GDPRScanner/CONTRIBUTING.md
2026-04-12 14:49:28 +02:00

133 lines
4.0 KiB
Markdown

# Contributing to GDPR Scanner
Thank you for considering a contribution. This project helps organisations find
and manage personal data across Microsoft 365 (Exchange, OneDrive, SharePoint,
Teams), Google Workspace (Gmail, Google Drive), and local/SMB file systems.
Contributions that improve compliance coverage, reliability, and usability are
very welcome.
---
## Before You Start
- Check the [open issues](../../issues) to see if your idea is already tracked
- For large features, open an issue first to discuss the approach — this avoids
wasted effort if the direction doesn't fit
- Security vulnerabilities: see [SECURITY.md](SECURITY.md) — do not file public issues
---
## Development Setup
```bash
# Clone and set up a virtual environment
git clone https://github.com/your-org/gdpr-scanner.git
cd gdpr-scanner
python3 -m venv venv
source venv/bin/activate # macOS / Linux
venv\Scripts\activate # Windows
pip install -r requirements.txt
# Danish NER model (optional — needed for name/address detection)
python -m spacy download da_core_news_lg
# Start the scanner (serves on http://0.0.0.0:5100)
python gdpr_scanner.py
# Run the test suite
python -m pytest tests/ -q
```
To test against a real M365 tenant you will need a Microsoft Azure app
registration with the permissions described in the README. A free developer
tenant is available via the [Microsoft 365 Developer Program](https://developer.microsoft.com/microsoft-365/dev-program).
---
## What We Welcome
- Bug fixes
- Improved CPR false-positive reduction
- New language files (see `lang/en.json` for the key list)
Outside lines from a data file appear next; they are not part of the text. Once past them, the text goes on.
lemma sat_weak_simp_bisim_invariant:
  assumes B: "weak_simp_bisim K V B"
  shows "B x y \<Longrightarrow> sat K V x \<phi> \<longleftrightarrow> sat K V y \<phi>"
proof (induction \<phi> arbitrary: x y)
  case (Atom p)
  then show ?case using B unfolding weak_simp_bisim_def by simp
next
  case (Neg \<phi>)
  show ?case using Neg.IH[OF Neg.prems] by simp
next
  case (Conj \<phi>1 \<phi>2)
  show ?case using Conj.IH(1,2)[OF Conj.prems] by simp
next
  case (Eta \<phi> \<psi>)
  have transfer: "sat K V y (Eta \<phi> \<psi>)" if "B x y" and sat_x: "sat K V x (Eta \<phi> \<psi>)" for x y
  proof -
    obtain \<pi>1 where \<pi>1: "topo_path K x \<pi>1" "sat K V (\<pi>1 1) \<psi>"
      "\<forall>r\<in>{0..<1}. sat K V (\<pi>1 r) \<phi>"
      using sat_x by auto
    obtain \<pi>2 where \<pi>2: "topo_path K y \<pi>2" "B (\<pi>1 1) (\<pi>2 1)"
      "\<forall>r2\<in>{0..<1}. \<exists>r1\<in>{0..<1}. B (\<pi>1 r1) (\<pi>2 r2)"
      using B \<pi>1(1) \<open>B x y\<close> unfolding weak_simp_bisim_def by blast
    have "sat K V (\<pi>2 1) \<psi>" using Eta.IH(2)[OF \<pi>2(2)] \<pi>1(2) by simp
    moreover have "\<forall>r\<in>{0..<1}. sat K V (\<pi>2 r) \<phi>" using Eta.IH(1) \<pi>2(3) \<pi>1(3) by blast
    ultimately show ?thesis using \<pi>2(1) by auto
  qed
  have "B y x" using Eta.prems B unfolding weak_simp_bisim_def by blast
  then show ?case using transfer Eta.prems by blast
qed

definition slcs_definable :: "'a::euclidean_space set set \<Rightarrow> ('p \<Rightarrow> 'a set) \<Rightarrow> 'a set \<Rightarrow> ('a \<Rightarrow> bool) \<Rightarrow> bool"
  where "slcs_definable K V U P \<longleftrightarrow> (\<exists>\<phi>. \<forall>x\<in>U. sat K V x \<phi> \<longleftrightarrow> P x)"

lemma slcs_definable_sat: "slcs_definable K V U (\<lambda>x. sat K V x \<phi>)"
  unfolding slcs_definable_def by blast

lemma slcs_definable_Ball:
  assumes "finite A" and "\<forall>a\<in>A. slcs_definable K V U (P a)"
  shows "slcs_definable K V U (\<lambda>x. \<forall>a\<in>A. P a x)"
  using assms
proof (induction A rule: finite_induct)
  case empty
  show ?case unfolding slcs_definable_def
    by (rule exI[of _ "Neg (Conj (Atom undefined) (Neg (Atom undefined)))"]) simp
next
  case (insert a A)
  obtain \<phi> where "\<forall>x\<in>U. sat K V x \<phi> \<longleftrightarrow> (\<forall>a\<in>A. P a x)"
    using insert unfolding slcs_definable_def by blast
  moreover obtain f where "\<forall>x\<in>U. sat K V x f \<longleftrightarrow> P a x"
    using insert.prems unfolding slcs_definable_def by blast
  ultimately show ?case unfolding slcs_definable_def by (intro exI[of _ "Conj f \<phi>"]) auto
qed

lemma slcs_definable_Not:
  assumes "slcs_definable K V U P"
  shows "slcs_definable K V U (\<lambda>x. \<not> P x)"
proof -
  obtain \<phi> where "\<forall>x\<in>U. sat K V x \<phi> \<longleftrightarrow> P x" using assms unfolding slcs_definable_def by blast
  then show ?thesis unfolding slcs_definable_def by (intro exI[of _ "Neg \<phi>"]) simp
qed

lemma slcs_definable_Bex:
  assumes "finite A" and "\<forall>a\<in>A. slcs_definable K V U (P a)"
  shows "slcs_definable K V U (\<lambda>x. \<exists>a\<in>A. P a x)"
proof -
  have "\<forall>a\<in>A. slcs_definable K V U (\<lambda>x. \<not> P a x)"
    using assms(2) slcs_definable_Not by blast
  then have "slcs_definable K V U (\<lambda>x. \<forall>a\<in>A. \<not> P a x)"
    by (rule slcs_definable_Ball[OF assms(1), where P = "\<lambda>a x. \<not> P a x"])
  from slcs_definable_Not[OF this] show ?thesis by simp
qed

lemma eta_equiv_refl: "eta_equiv K V x x"
  unfolding eta_equiv_def by simp

lemma eta_equiv_sym: "eta_equiv K V x y \<Longrightarrow> eta_equiv K V y x"
  unfolding eta_equiv_def by simp

lemma eta_equiv_trans: "eta_equiv K V x y \<Longrightarrow> eta_equiv K V y z \<Longrightarrow> eta_equiv K V x z"
  unfolding eta_equiv_def by simp

lemma eta_equiv_finite_representatives:
  assumes M: "polyhedral_model K V"
  obtains R where "finite R" and "\<forall>y\<in>carrier_poly K. \<exists>r\<in>R. eta_equiv K V y r"
proof
  have K: "simplicial_complex K" using M unfolding polyhedral_model_def by blast
  define R where "R = (\<lambda>\<sigma>. SOME z. z \<in> cell \<sigma>) ` K"
  show "finite R" using K unfolding R_def simplicial_complex_def by simp
  show "\<forall>y\<in>carrier_poly K. \<exists>r\<in>R. eta_equiv K V y r"
  proof
    fix y assume "y \<in> carrier_poly K"
    then obtain \<sigma> where "\<sigma> \<in> K" "y \<in> cell \<sigma>" using simplicial_complex_cell_cover[OF K] by blast
    moreover have "(SOME z. z \<in> cell \<sigma>) \<in> cell \<sigma>" using \<open>y \<in> cell \<sigma>\<close> by (rule someI)
    ultimately have "eta_equiv K V y (SOME z. z \<in> cell \<sigma>)"
      unfolding eta_equiv_def using sat_cell_invariant[OF M] by blast
    then show "\<exists>r\<in>R. eta_equiv K V y r" using \<open>\<sigma> \<in> K\<close> unfolding R_def by blast
  qed
qed

lemma eta_class_definable:
  assumes "finite R" and R: "\<forall>y\<in>U. \<exists>r\<in>R. eta_equiv K V y r"
  shows "slcs_definable K V U (eta_equiv K V x)"
proof -
  define A where "A = {r\<in>R. \<not> eta_equiv K V x r}"
  have "\<exists>\<phi>. sat K V x \<phi> \<and> \<not> sat K V r \<phi>" if "r \<in> A" for r
  proof -
    obtain \<phi> where "sat K V x \<phi> \<noteq> sat K V r \<phi>"
      using \<open>r \<in> A\<close> unfolding A_def eta_equiv_def by blast
    then show ?thesis by (cases "sat K V x \<phi>") (auto intro: exI[of _ "Neg \<phi>"])
  qed
  then obtain \<delta> where \<delta>: "\<forall>r\<in>A. sat K V x (\<delta> r) \<and> \<not> sat K V r (\<delta> r)" by metis
  have "finite A" using \<open>finite R\<close> unfolding A_def by simp
  then have "slcs_definable K V U (\<lambda>y. \<forall>r\<in>A. sat K V y (\<delta> r))"
    using slcs_definable_Ball[where P = "\<lambda>r y. sat K V y (\<delta> r)"] slcs_definable_sat by blast
  moreover have "(\<forall>r\<in>A. sat K V y (\<delta> r)) \<longleftrightarrow> eta_equiv K V x y" if "y \<in> U" for y
  proof
    assume sat_\<delta>: "\<forall>r\<in>A. sat K V y (\<delta> r)"
    obtain r where "r \<in> R" "eta_equiv K V y r" using R \<open>y \<in> U\<close> by blast
    then have "r \<notin> A" using sat_\<delta> \<delta> unfolding eta_equiv_def by blast
    then have "eta_equiv K V x r" using \<open>r \<in> R\<close> unfolding A_def by blast
    then show "eta_equiv K V x y" using \<open>eta_equiv K V y r\<close> eta_equiv_sym eta_equiv_trans by blast
  qed (use \<delta> in \<open>auto simp: eta_equiv_def\<close>)
  ultimately show ?thesis unfolding slcs_definable_def by auto
qed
- Performance improvements for large tenants
- Docker / deployment improvements
- Documentation fixes
---
## Code Style
**Python**
- Follow PEP 8 with a line length of 100
- Use type hints for function signatures
- No external formatters are enforced — just keep it consistent with the surrounding code
- All personal data (CPR numbers) must be SHA-256 hashed before storage — never store or log raw CPR values
- Wrap Graph API calls in try/except and handle `M365PermissionError` gracefully
**JavaScript (`static/js/*.js` — ES modules)**
- `const` / `let` — no `var`
- `async/await` over `.then()` chains
- All user-visible strings must have a `data-i18n` key so translations work
**SQL**
- Use parameterised queries — never string-format SQL
- New columns on existing tables must have a corresponding migration in `_MIGRATIONS` in `gdpr_db.py`
---
## Adding a Language
1. Copy `lang/en.json` to `lang/xx.json` (ISO 639-1 code)
2. Translate all values — keys must stay identical
3. Test by writing `xx` to `~/.gdprscanner/lang` and restarting
---
## Pull Request Process
1. Fork the repository and create a branch: `git checkout -b feature/my-feature`
2. Make your changes and test them
3. Run the test suite: `python -m pytest tests/ -q`
4. Run a syntax check on the modules you touched, e.g.:
`python -m py_compile gdpr_scanner.py scan_engine.py app_config.py gdpr_db.py`
5. Update `README.md` if your change adds or changes user-visible behaviour
6. Open a pull request with a clear description of what it does and why
7. Link to the relevant issue if applicable
We aim to review pull requests within one week.
---
## Personal Data in Tests and Examples
**Do not include real CPR numbers, email addresses, or names in test data,
example output, or documentation.** Use clearly fictional values:
```python
# Good
test_cpr = "010101-1234" # fictional — fails Modulus 11 check
# Bad
test_cpr = "150385-1234" # could be a real person
```
If you are testing with a real Microsoft 365 tenant, ensure you have appropriate
authorisation to access that data.
---
## Contributor License Agreement
By submitting a pull request you confirm that:
- You wrote the contribution yourself or have the right to submit it
- You license your contribution under the same AGPL-3.0 terms as this project
- You understand the disclaimer in LICENSE — this is a compliance tool, not legal advice
---
## Code of Conduct
Be respectful. Harassment of any kind will not be tolerated.